I was the closer, sliding in to get the job done when others failed. I knew a hundred towns just like this. Sure, they’d hold the line for a little while, but soon enough, they’d fold. Just had to find the weak spot and press. Easy enough.

I’d learned from the best, after all. My father was the original closer for Flexion and my boss. Mistakenly, I thought his mentoring me would bring us closer. But nobody should wish to get so close to a snake. You’d think I’d learn my lesson after all these years, but here I was in Lindenbach, Texas, dead set on closing the deal as quickly as possible in a thinly veiled attempt at impressing that cold-blooded bastard who raised me.
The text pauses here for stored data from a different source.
(* Assume (SH). If $x\in\operatorname{dom}f$ satisfies $T(x)=T$ (i.e., $f_t(x)=f(x)$ for all $t\in T$), then \[ \partial f(x)=\bigcap_{\varepsilon>0}\overline{\operatorname{co}}\Big(\bigcup_{t\in T}\partial_\varepsilon f_t(x)\Big). \]
   Context: $X$ is a real separated locally convex space with dual $X^*$ carrying the weak$^*$ topology. $T$ is a nonempty index set, $\{f_t: t\in T\}$ are proper convex lsc functions $X\to\mathbb{R}\cup\{+\infty\}$, $f:=\sup_{t\in T}f_t$. $T(x):=\{t\in T: f_t(x)=f(x)\}$. $\partial_\varepsilon g(x)$ is the $\varepsilon$-subdifferential, $\partial=\partial_0$. $\overline{\operatorname{co}}$ is the weak$^*$-closed convex hull. (SH): $T$ is compact Hausdorff and $t\mapsto f_t(z)$ is upper semicontinuous on $T$ for each $z\in X$. *)

theory Defs
  imports "HOL-Analysis.Analysis" "HOL-Library.Extended_Real"
begin

definition sep_lcs :: "'a::real_vector topology \<Rightarrow> bool" where
  "sep_lcs tau \<longleftrightarrow>
     topspace tau = UNIV \<and> Hausdorff_space tau \<and>
     continuous_map (prod_topology tau tau) tau (\<lambda>(x, y). x + y) \<and>
     continuous_map (prod_topology euclideanreal tau) tau (\<lambda>(c, x). c *\<^sub>R x) \<and>
     (\<forall>U x. openin tau U \<and> x \<in> U \<longrightarrow> (\<exists>V. openin tau V \<and> convex V \<and> x \<in> V \<and> V \<subseteq> U))"

definition tdual :: "'a::real_vector topology \<Rightarrow> ('a \<Rightarrow> real) set" where
  "tdual tau = {\<phi>. linear \<phi> \<and> continuous_map tau euclideanreal \<phi>}"

definition weak_star :: "'a::real_vector topology \<Rightarrow> ('a \<Rightarrow> real) topology" where
  "weak_star tau = subtopology (powertop_real UNIV) (tdual tau)"

definition fconvex :: "('a \<Rightarrow> real) set \<Rightarrow> bool" where
  "fconvex S \<longleftrightarrow> (\<forall>\<phi>\<in>S. \<forall>\<psi>\<in>S. \<forall>u::real. 0 \<le> u \<and> u \<le> 1 \<longrightarrow>
      (\<lambda>x. u * \<phi> x + (1 - u) * \<psi> x) \<in> S)"

definition wstar_cch :: "'a::real_vector topology \<Rightarrow> ('a \<Rightarrow> real) set \<Rightarrow> ('a \<Rightarrow> real) set" where
  "wstar_cch tau A = (\<lambda>S. fconvex S \<and> closedin (weak_star tau) S) hull A"

definition proper_fun :: "('a \<Rightarrow> ereal) \<Rightarrow> bool" where
  "proper_fun g \<longleftrightarrow> (\<forall>x. g x \<noteq> -\<infinity>) \<and> (\<exists>x. g x \<noteq> \<infinity>)"

definition convex_fun :: "('a::real_vector \<Rightarrow> ereal) \<Rightarrow> bool" where
  "convex_fun g \<longleftrightarrow> (\<forall>x y. \<forall>u::real. 0 \<le> u \<and> u \<le> 1 \<longrightarrow>
      g (u *\<^sub>R x + (1 - u) *\<^sub>R y) \<le> ereal u * g x + ereal (1 - u) * g y)"

definition lsc_fun :: "'a topology \<Rightarrow> ('a \<Rightarrow> ereal) \<Rightarrow> bool" where
  "lsc_fun tau g \<longleftrightarrow> (\<forall>c::real. closedin tau {x \<in> topspace tau. g x \<le> ereal c})"

text \<open>epsilon-subdifferential; empty outside the effective domain.\<close>
definition eps_subdiff :: "'a::real_vector topology \<Rightarrow> real \<Rightarrow> ('a \<Rightarrow> ereal) \<Rightarrow> 'a \<Rightarrow> ('a \<Rightarrow> real) set" where
  "eps_subdiff tau \<epsilon> g x = {\<phi> \<in> tdual tau. g x \<noteq> \<infinity> \<and>
      (\<forall>y. g y \<ge> g x + ereal (\<phi> y - \<phi> x - \<epsilon>))}"

definition usc_on :: "'i topology \<Rightarrow> ('i \<Rightarrow> ereal) \<Rightarrow> bool" where
  "usc_on Ttop h \<longleftrightarrow> (\<forall>c::real. openin Ttop {t \<in> topspace Ttop. h t < ereal c})"

end

theory Submission
  imports Defs "HOL-Library.Function_Algebras"
begin

text \<open>
  Every epsilon-subgradient at x of an active function F t is one of the supremum f, and the
  epsilon-subdifferential of f is weak-star closed and convex; intersecting over epsilon gives the
  inclusion from right to left.

  Conversely, let \<open>\<phi>\<close> be a subgradient of f at x lying outside the weak-star closed convex hull
  for some \<open>\<epsilon> > 0\<close>. A weak-star continuous functional on the dual is an evaluation, so some z
  and \<open>\<beta> < \<phi> z\<close> bound every epsilon-subgradient of every F t at z by \<open>\<beta>\<close>. For a single proper
  convex lsc function h, separating (in X times the reals) the cone over the shifted epigraph from
  a cylinder around z shows: if \<open>h (x + s z) \<ge> h x + s \<phi> z - \<epsilon>\<close> for all \<open>s > 0\<close>, then some
  epsilon-subgradient \<open>\<psi>\<close> has \<open>\<psi> z > \<beta>\<close>. So each F t drops below this line somewhere on the ray
  \<open>x + s z\<close>. By upper semicontinuity in t and compactness, finitely many step lengths s cover all t,
  and convexity along the ray gives a uniform gap at the shortest one a:
  \<open>F t (x + a z) \<le> f x + a \<phi> z - \<delta>\<close> for all t, contradicting the subgradient inequality for \<open>\<phi>\<close>.
\<close>

text \<open>Pointwise vector space structure on functionals, so that the algebraic separation
  theorem applies to sets of functionals.\<close>

instantiation "fun" :: (type, real_vector) real_vector
begin
definition scaleR_fun :: "real \<Rightarrow> ('a \<Rightarrow> 'b) \<Rightarrow> 'a \<Rightarrow> 'b" where
  "scaleR_fun r f = (\<lambda>x. r *\<^sub>R f x)"
instance by standard (auto simp: scaleR_fun_def fun_eq_iff scaleR_add_right scaleR_add_left)
end

lemma scaleR_fun_apply [simp]: "(r *\<^sub>R f) x = r *\<^sub>R f x"
  by (simp add: scaleR_fun_def)

section \<open>Hahn-Banach\<close>

definition sublinear :: "('v::real_vector \<Rightarrow> real) \<Rightarrow> bool" where
  "sublinear p \<longleftrightarrow> (\<forall>v w. p (v + w) \<le> p v + p w) \<and> (\<forall>c v. 0 < c \<longrightarrow> p (c *\<^sub>R v) = c * p v)"
(* Let $\overline{x}$ be a set of variables, $y$ a variable not in $\overline{x}$, $X\subseteq[0,1]^{\overline{x}}$ a closed set, $\mathbf f\colon X\to[0,1]$ a continuous function, and $\Sigma_{\mathbf f}(\overline{x},y)$ the theory defined below. Then $\Sigma_{\mathbf f}$ implicitly defines $y$ over $\overline{x}$.
   Context: An MV-algebra is an algebra $(A,\oplus,\neg,0)$ of type $(2,1,0)$ such that $(A,\oplus,0)$ is a commutative monoid, $\neg\neg a=a$, $a\oplus\neg 0=\neg 0$, and $\neg(\neg a\oplus b)\oplus b=\neg(\neg b\oplus a)\oplus a$. Derived operations: $1:=\neg 0$, $a\odot b:=\neg(\neg a\oplus\neg b)$, $a\ominus b:=a\odot\neg b$, $a\vee b:=\neg(\neg a\oplus b)\oplus b$ (join of a lattice order $\le$), $d(a,b):=(a\ominus b)\oplus(b\ominus a)$. An ideal of an MV-algebra is a subset containing $0$, downward closed for $\le$ and closed under $\oplus$. Let $\mathcal{L}=\{\delta,\oplus,\neg,0\}$ of type $(\omega,2,1,0)$; $\tfrac12(x):=\delta(x,0,0,\dots)$. A $\delta$-algebra is an $\mathcal{L}$-algebra whose MV-reduct is an MV-algebra and satisfying for all $x,y,\vec x,\vec y$: (i) $d(\delta(\vec x),\delta(x_1,0,0,\dots))=\delta(0,x_2,x_3,\dots)$; (ii) $\tfrac12(\delta(\vec x))=\delta(\tfrac12(x_1),\tfrac12(x_2),\dots)$; (iii) $\delta(x,x,\dots)=x$; (iv) $\delta(0,\vec x)=\tfrac12(\delta(\vec x))$; (v) $\delta(\vec x)\le\delta(x_1\oplus y_1,x_2\oplus y_2,\dots)$; (vi) $\tfrac12(x\ominus y)=\tfrac12(x)\ominus\tfrac12(y)$. $[0,1]$ is the standard $\delta$-algebra with $x\oplus y=\min\{1,x+y\}$, $\neg x=1-x$, $\delta(\vec x)=\sum_i x_i/2^i$. $T(\overline{x})$: terms in $\overline{x}$; $F(\overline{x})$: free $\delta$-algebra over $\overline{x}$; $\rho\colon T(\overline{x})\to F(\overline{x})$ the canonical quotient. For an assignment $f$ into an $\mathcal{L}$-algebra $A$, $A,f\models\Sigma$ means $\bar f(s)=\bar f(t)$ for all $s\approx t\in\Sigma$, $\bar f$ being the homomorphic extension to terms. $\Sigma\models_\Delta\sigma$ means every assignment into every $\delta$-algebra satisfying $\Sigma$ satisfies $\sigma$. For a $\delta$-algebra $A$, $\mathrm{Max}\,A$ is the space of MV-homomorphisms $A\to[0,1]$ with topology induced by $[0,1]^A$, and for $S\subseteq A$, $V(S):=\{h\in\mathrm{Max}\,A: h(a)=0\ \forall a\in S\}$. For any set of variables $\overline{w}$, $[0,1]^{\overline{w}}$ (product topology) is identified with $\mathrm{Max}\,F(\overline{w})$ via the homeomorphism $h\mapsto(w\mapsto h(\rho(w)))$. Given a theory $\Sigma(\overline{x},y)$ and a variable $z$, $\Sigma(\overline{x},z)$ is obtained by replacing $y$ by $z$. $\Sigma$ implicitly defines $y$ over $\overline{x}$ if $\Sigma(\overline{x},y)\cup\Sigma(\overline{x},z)\models_\Delta y\approx z$ for every variable $z$; it explicitly defines $y$ over $\overline{x}$ if there is a term $s_y(\overline{x})$ with $\Sigma(\overline{x},y)\models_\Delta y\approx s_y$. Definition of $\Sigma_{\mathbf f}$: the graph $G_{\mathbf f}=\{g\in[0,1]^{\overline{x}\cup\{y\}}: g|_{\overline{x}}\in X,\ g(y)=\mathbf f(g|_{\overline{x}})\}$ is a closed subset of $[0,1]^{\overline{x}\cup\{y\}}\cong\mathrm{Max}\,F(\overline{x},y)$; fix an ideal $J_{\mathbf f}$ of $F(\overline{x},y)$ with $V(J_{\mathbf f})=G_{\mathbf f}$ under this identification (one exists), and set $\Sigma_{\mathbf f}(\overline{x},y):=\{s\approx 0: s\in T(\overline{x},y),\ \rho(s)\in J_{\mathbf f}\}$. *)

theory Defs
  imports "HOL-Analysis.Analysis"
begin

text \<open>delta is omega-ary: its argument list (x_1, x_2, ...) is a function nat => term,
  with index 0 standing for x_1.\<close>

datatype 'v trm = Var 'v | Zero | Neg "'v trm" | Plus "'v trm" "'v trm" | Delta "nat \<Rightarrow> 'v trm"

definition trms :: "'v set \<Rightarrow> 'v trm set" where
  "trms W = {s. set_trm s \<subseteq> W}"

section \<open>L-algebras (carrier = the whole type) and evaluation\<close>

record 'a lalg =
  dlt :: "(nat \<Rightarrow> 'a) \<Rightarrow> 'a"
  pls :: "'a \<Rightarrow> 'a \<Rightarrow> 'a"
  ng  :: "'a \<Rightarrow> 'a"
  zr  :: "'a"

primrec eval :: "'a lalg \<Rightarrow> ('v \<Rightarrow> 'a) \<Rightarrow> 'v trm \<Rightarrow> 'a" where
  "eval A e (Var v) = e v"
| "eval A e Zero = zr A"
| "eval A e (Neg s) = ng A (eval A e s)"
| "eval A e (Plus s t) = pls A (eval A e s) (eval A e t)"
| "eval A e (Delta ts) = dlt A (\<lambda>i. eval A e (ts i))"

definition odot :: "('a\<Rightarrow>'a\<Rightarrow>'a) \<Rightarrow> ('a\<Rightarrow>'a) \<Rightarrow> 'a \<Rightarrow> 'a \<Rightarrow> 'a" where
  "odot P N a b = N (P (N a) (N b))"
definition ominus :: "('a\<Rightarrow>'a\<Rightarrow>'a) \<Rightarrow> ('a\<Rightarrow>'a) \<Rightarrow> 'a \<Rightarrow> 'a \<Rightarrow> 'a" where
  "ominus P N a b = odot P N a (N b)"
definition join :: "('a\<Rightarrow>'a\<Rightarrow>'a) \<Rightarrow> ('a\<Rightarrow>'a) \<Rightarrow> 'a \<Rightarrow> 'a \<Rightarrow> 'a" where
  "join P N a b = P (N (P (N a) b)) b"
definition dist :: "('a\<Rightarrow>'a\<Rightarrow>'a) \<Rightarrow> ('a\<Rightarrow>'a) \<Rightarrow> 'a \<Rightarrow> 'a \<Rightarrow> 'a" where
  "dist P N a b = P (ominus P N a b) (ominus P N b a)"
definition half :: "((nat \<Rightarrow> 'a) \<Rightarrow> 'a) \<Rightarrow> 'a \<Rightarrow> 'a \<Rightarrow> 'a" where
  "half D Z x = D (\<lambda>i. if i = 0 then x else Z)"

text \<open>With eq = (=) these are the MV-algebra / delta-algebra axioms; with eq a congruence
  on terms they say that the quotient is a delta-algebra.  The order a \<le> b is a \<or> b = b.\<close>

definition mv_ax :: "('a\<Rightarrow>'a\<Rightarrow>bool) \<Rightarrow> ('a\<Rightarrow>'a\<Rightarrow>'a) \<Rightarrow> ('a\<Rightarrow>'a) \<Rightarrow> 'a \<Rightarrow> bool" where
  "mv_ax eq P N Z \<longleftrightarrow>
     (\<forall>a b c. eq (P (P a b) c) (P a (P b c))) \<and>
     (\<forall>a b. eq (P a b) (P b a)) \<and>
     (\<forall>a. eq (P a Z) a) \<and>
     (\<forall>a. eq (N (N a)) a) \<and>
     (\<forall>a. eq (P a (N Z)) (N Z)) \<and>
     (\<forall>a b. eq (P (N (P (N a) b)) b) (P (N (P (N b) a)) a))"
lemma pauli_commute:
  "pauli n a b (pauli n v w psi)
     = (\<lambda>y. parity_sign (dotp n b v \<noteq> dotp n w a) * pauli n v w (pauli n a b psi) y)"
proof
  fix y
  have "vadd (vadd y a) v = vadd (vadd y v) a" by (auto simp: vadd_def)
  then show "pauli n a b (pauli n v w psi) y
      = parity_sign (dotp n b v \<noteq> dotp n w a) * pauli n v w (pauli n a b psi) y"
    unfolding pauli_parity_sign by (auto simp: dotp_vadd_right parity_sign_def vadd_assoc)
qed

lemma pauli_Z_right: "pauli n v u (pauli n vzero c psi) = pauli n v (vadd u c) psi"
  by (auto simp: pauli_parity_sign dotp_vadd_left parity_sign_def)

lemma pauli_Z_left:
  "pauli n vzero c (pauli n v w psi) = (\<lambda>y. parity_sign (dotp n c v) * pauli n v (vadd w c) psi y)"
  by (auto simp: pauli_parity_sign dotp_vadd_left dotp_vadd_right parity_sign_def dotp_comm[of n c])

lemma qinner_scale_right: "qinner n phi (\<lambda>y. c * f y) = c * qinner n phi f"
  by (simp add: qinner_def sum_distrib_left mult_ac)

lemma qinner_sum_right:
  "qinner n phi (\<lambda>y. \<Sum>b\<in>B. c b * g b y) = (\<Sum>b\<in>B. c b * qinner n phi (g b))"
  unfolding qinner_def by (simp add: sum_distrib_left mult_ac sum.swap[of _ B])

lemma qinner_sum_left:
  "qinner n (\<lambda>y. \<Sum>b\<in>B. c b * b y) g = (\<Sum>b\<in>B. cnj (c b) * qinner n b g)"
  unfolding qinner_def
  by (simp add: sum_distrib_left sum_distrib_right mult_ac sum.swap[of _ B])

lemma pauli_sum:
  "pauli n v u (\<lambda>y. \<Sum>b\<in>B. c b * g b y) = (\<lambda>y. \<Sum>b\<in>B. c b * pauli n v u (g b) y)"
  by (simp add: pauli_parity_sign sum_distrib_left mult_ac)

lemma qinner_pauli_span_zero:
  assumes "\<forall>b\<in>B. \<forall>b'\<in>B. qinner n b' (pauli n v u b) = 0"
    and "psi \<in> qspan B" and "phi \<in> qspan B"
  shows "qinner n phi (pauli n v u psi) = 0"
proof -
  obtain a a' where a: "psi = (\<lambda>y. \<Sum>b\<in>B. a b * b y)" and a': "phi = (\<lambda>y. \<Sum>b\<in>B. a' b * b y)"
    using assms(2,3) by (auto simp: qspan_def)
  have "qinner n phi (pauli n v u psi) = (\<Sum>b\<in>B. a b * qinner n phi (pauli n v u b))"
    unfolding a pauli_sum qinner_sum_right ..
  also have "\<dots> = 0"
    unfolding a' qinner_sum_left using assms(1) by simp
  finally show ?thesis .
qed

section \<open>The graph stabilizer and its syndrome map\<close>

lemma stab_group_vecs: "P \<in> stab_group n E \<Longrightarrow> fst P \<in> vecs n \<and> snd P \<in> vecs n"
  by (induction rule: stab_group.induct) (auto simp: vadd_vecs unitv_vecs adj_row_vecs)

text \<open>The syndrome R v: the Z-part of the stabilizer element with X-part v.\<close>

definition syndrome :: "nat \<Rightarrow> (nat \<Rightarrow> nat \<Rightarrow> bool) \<Rightarrow> bvec \<Rightarrow> bvec" where
  "syndrome n E v = (\<lambda>i. i < n \<and> dotp n (adj_row n E i) v)"

lemma syndrome_vecs: "syndrome n E v \<in> vecs n"
  by (simp add: syndrome_def vecs_def)

lemma stab_group_product:
  "m \<le> n \<Longrightarrow> v \<in> vecs m \<Longrightarrow> (v, \<lambda>i. i < n \<and> dotp m v (\<lambda>j. E j i)) \<in> stab_group n E"
proof (induction m arbitrary: v)
  case 0
  then have "v = vzero" by (auto simp: vecs_def vzero_def)
  then show ?case using stab_group.one[of n E] by (simp add: vzero_def dotp_def)
next
  case (Suc m)
  let ?v' = "v(m := False)"
  have same: "dotp m ?v' c = dotp m v c" for c
    unfolding dotp_def by (rule arg_cong[where f="\<lambda>A. odd (card A)"]) auto
  have v': "?v' \<in> vecs m" using Suc.prems(2) by (auto simp: vecs_def le_Suc_eq)
  have IH: "(?v', \<lambda>i. i < n \<and> dotp m v (\<lambda>j. E j i)) \<in> stab_group n E"
    using Suc.IH[OF _ v'] Suc.prems(1) unfolding same by (simp add: fun_upd_def)
  show ?case
  proof (cases "v m")
    case True
    have "(vadd ?v' (unitv m), vadd (\<lambda>i. i < n \<and> dotp m v (\<lambda>j. E j i)) (adj_row n E m))
          \<in> stab_group n E"
      using stab_group.mult[OF IH] Suc.prems(1) by simp
    moreover have "vadd ?v' (unitv m) = v" using True by (auto simp: vadd_def unitv_def)
    moreover have "vadd (\<lambda>i. i < n \<and> dotp m v (\<lambda>j. E j i)) (adj_row n E m)
        = (\<lambda>i. i < n \<and> dotp (Suc m) v (\<lambda>j. E j i))"
      using True by (auto simp: dotp_Suc vadd_def adj_row_def)
    ultimately show ?thesis by simp
  next
    case False
    then have "?v' = v" by (simp add: fun_eq_iff)
    with IH False show ?thesis by (simp add: dotp_Suc)
  qed
qed

text \<open>Since the adjacency relation is symmetric, row i of R applied to v is column i, so
  (v, R v) is the product of the generators selected by v.\<close>

lemma syndrome_in_stab_group:
  assumes "simple_graph n E" "v \<in> vecs n"
  shows "(v, syndrome n E v) \<in> stab_group n E"
proof -
  have "{j. j < n \<and> adj_row n E i j \<and> v j} = {j. j < n \<and> v j \<and> E j i}" if "i < n" for i
    using assms(1) that by (auto simp: adj_row_def simple_graph_def)
  then have "syndrome n E v = (\<lambda>i. i < n \<and> dotp n v (\<lambda>j. E j i))"
    by (auto simp: syndrome_def dotp_def fun_eq_iff)
  then show ?thesis using stab_group_product[OF le_refl assms(2)] by simp
qed

lemma graph_state_distance_le:
  assumes "(v, u) \<in> stab_group n E" "(v, u) \<noteq> (vzero, vzero)"
  shows "graph_state_distance n E \<le> wgt n v u"
proof -
  have "{wgt n v u | v u. (v, u) \<in> stab_group n E \<and> (v, u) \<noteq> (vzero, vzero)}
        \<subseteq> (\<lambda>(v, u). wgt n v u) ` (vecs n \<times> vecs n)"
    using stab_group_vecs by fastforce
  then have "finite {wgt n v u | v u. (v, u) \<in> stab_group n E \<and> (v, u) \<noteq> (vzero, vzero)}"
    by (rule finite_subset) simp
  then show ?thesis unfolding graph_state_distance_def
    by (rule Min_le) (use assms in blast)
qed

text \<open>If X^v Z^w anticommutes with some generator S_i, its expectation in the graph state
  vanishes: <s|P|s> = <S_i s|P|s> = <s|S_i P|s> = -<s|P S_i|s> = -<s|P|s>.\<close>

lemma graph_state_anticommuting_zero:
  assumes gs: "is_graph_state n E s" and sgr: "simple_graph n E" and i: "i < n"
    and anti: "dotp n (adj_row n E i) v \<noteq> w i"
  shows "qinner n s (pauli n v w s) = 0"
proof -
  let ?S = "pauli n (unitv i) (adj_row n E i)"
  have Ss: "?S s = s" using gs i by (simp add: is_graph_state_def)
  have "dotp n (adj_row n E i) (unitv i) = False"
    using i sgr by (simp add: dotp_unitv adj_row_def simple_graph_def)
  then have "qinner n s (pauli n v w s) = qinner n s (?S (pauli n v w s))"
    using pauli_adjoint[OF unitv_vecs[OF i], of "adj_row n E i" s] Ss by (simp add: parity_sign_def)
  also have "?S (pauli n v w s) = (\<lambda>y. - pauli n v w s y)"
    unfolding pauli_commute Ss using anti i by (simp add: parity_sign_def dotp_unitv)
  also have "qinner n s \<dots> = - qinner n s (pauli n v w s)"
    by (simp add: qinner_def sum_negf)
  finally show ?thesis by simp
qed

lemma graph_state_expectation_zero:
  assumes "is_graph_state n E s" "simple_graph n E"
    and "w \<in> vecs n" "w \<noteq> syndrome n E v"
  shows "qinner n s (pauli n v w s) = 0"
proof -
  obtain i where i: "w i \<noteq> syndrome n E v i" using assms(4) by (auto simp: fun_eq_iff)
  have "i < n"
  proof (rule ccontr)
    assume "\<not> i < n"
    then show False using i assms(3) by (simp add: vecs_def syndrome_def)
  qed
  moreover have "dotp n (adj_row n E i) v \<noteq> w i" using i calculation by (simp add: syndrome_def)
  ultimately show ?thesis using graph_state_anticommuting_zero[OF assms(1,2)] by blast
qed
(* Let $\mathcal H$ be a real Hilbert space, $t_0>0$, let $f:\mathcal H\to\mathbb R$ be convex and $\mathcal C^1$ with $L$-Lipschitz continuous gradient and nonempty set of minimizers. Let $\alpha>3$, $\gamma>0$, $\beta\ge0$, $\beta(t)=\gamma+\beta/t$, let $b\in]0,\alpha-1]$ and $$a(t)=t^2\left(1+\frac{(\alpha-b)\gamma t-\beta(\alpha+1-b)}{t^2-\alpha\gamma t-\beta(\alpha+1)}\right),\qquad m(t)=\max\big(t,\,L|a(t)\beta(t)|,\,L|a(t)|\beta(t)^2\big).$$ Let $e\in\mathcal C([t_0,+\infty[;\mathcal H)$ with $m(\cdot)e(\cdot)\in L^1(t_0,+\infty;\mathcal H)$, and let $x$ be a solution of $$\ddot x(t)+\frac\alpha t\dot x(t)+\nabla f\big(x(t)+\beta(t)\dot x(t)\big)+e(t)=0.$$ Then: (i) $f(x(t)+\beta(t)\dot x(t))-\min_{\mathcal H}f=\mathcal O(1/t^2)$ as $t\to+\infty$; (ii) $\|\dot x(t)\|=\mathcal O(1/t)$ as $t\to+\infty$; (iii) $\int_{t_0}^{+\infty}t\,(f(x(t))-\min_{\mathcal H}f)dt<+\infty$; (iv) $\int_{t_0}^{+\infty}t^2\|\nabla f(x(t)+\beta(t)\dot x(t))\|^2dt<+\infty$; (v) $\int_{t_0}^{+\infty}t\|\dot x(t)\|^2dt<+\infty$. *)

theory Defs
  imports "HOL-Analysis.Analysis" "HOL-Library.Landau_Symbols"
begin

definition beta_fun :: "real \<Rightarrow> real \<Rightarrow> real \<Rightarrow> real" where
  "beta_fun \<gamma> \<beta> t = \<gamma> + \<beta> / t"

text \<open>a(t) as in the paper (division by zero yields 0 in HOL; only finitely many t).\<close>
definition a_fun :: "real \<Rightarrow> real \<Rightarrow> real \<Rightarrow> real \<Rightarrow> real \<Rightarrow> real" where
  "a_fun \<alpha> \<gamma> \<beta> b t =
     t^2 * (1 + ((\<alpha> - b) * \<gamma> * t - \<beta> * (\<alpha> + 1 - b)) /
                (t^2 - \<alpha> * \<gamma> * t - \<beta> * (\<alpha> + 1)))"

definition m_fun :: "real \<Rightarrow> real \<Rightarrow> real \<Rightarrow> real \<Rightarrow> real \<Rightarrow> real \<Rightarrow> real" where
  "m_fun L \<alpha> \<gamma> \<beta> b t =
     max t (max (L * \<bar>a_fun \<alpha> \<gamma> \<beta> b t * beta_fun \<gamma> \<beta> t\<bar>)
                (L * \<bar>a_fun \<alpha> \<gamma> \<beta> b t\<bar> * (beta_fun \<gamma> \<beta> t)^2))"

end

theory Submission
  imports Defs "HOL-Real_Asymp.Real_Asymp"
begin

text \<open>With \<open>z = x + \<beta>(t) x'\<close>, a minimizer \<open>x\<^sup>*\<close>, \<open>\<theta> = (\<alpha> + 1) / 2\<close> and
  \<open>u = \<theta> (x - x\<^sup>*) + t x'\<close>, the energy
  \<open>E = A(t) (f(z) - min f) + \<parallel>u\<parallel>\<^sup>2 / 2 + \<theta> (\<alpha> - 1 - \<theta>) \<parallel>x - x\<^sup>*\<parallel>\<^sup>2 / 2\<close>, where \<open>A(t) \<sim> t\<^sup>2\<close> is the
  rational function for which the cross terms \<open>\<langle>\<nabla>f(z), x'\<rangle>\<close> cancel, satisfies for large \<open>t\<close>
  \<open>E' + \<kappa> D \<le> K t \<parallel>e(t)\<parallel> \<surd>E\<close> with the dissipation
  \<open>D = t (f(z) - min f) + t\<^sup>2 \<parallel>\<nabla>f(z)\<parallel>\<^sup>2 + t \<parallel>x'\<parallel>\<^sup>2\<close>; convexity enters through
  \<open>f(z) - min f \<le> \<langle>\<nabla>f(z), z - x\<^sup>*\<rangle>\<close> and the Lipschitz gradient through
  \<open>\<parallel>\<nabla>f(z)\<parallel>\<^sup>2 \<le> 2 L (f(z) - min f)\<close>. As \<open>t \<parallel>e(t)\<parallel>\<close> is integrable, a Gronwall argument bounds \<open>E\<close>,
  which gives (i) and (ii), and then \<open>\<integral> D < \<infinity>\<close>, which gives (iv), (v) and, by convexity
  once more, (iii).\<close>

section \<open>Smooth convex functions\<close>

lemma gradient_chain_rule:
  fixes f :: "'a::real_inner \<Rightarrow> real"
  assumes grad: "\<And>y. (f has_derivative (\<lambda>h. g y \<bullet> h)) (at y)"
    and z: "(z has_vector_derivative z') (at t within S)"
  shows "((\<lambda>s. f (z s)) has_real_derivative g (z t) \<bullet> z') (at t within S)"
proof -
  have "(f has_derivative (\<lambda>h. g (z t) \<bullet> h)) (at (z t) within z ` S)"
    using grad has_derivative_subset by blast
  from diff_chain_within[OF z[unfolded has_vector_derivative_def] this]
  show ?thesis
    unfolding has_field_derivative_def comp_def
    by (rule has_derivative_eq_rhs) (auto simp: fun_eq_iff)
qed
He’d taught me two things in life. No one would help me but me. Power was equivalent to control, and control was equivalent to happiness. In thirty years, life had only proven me right.

Some sought power with a fist. I acquired it with a velvet tongue and tried-and-true strategy. For instance, in Lindenbach, I knew at least half of my in was with the mayor—a base, misguided, tone-deaf man whose power was strictly his for what his forefathers accomplished. His Stetson gave him more power than his policies ever would.

Convincing the rest of the town was where the challenge waited. There was one sure-fire way into their good graces, and it rested somewhere in the Blum family farm.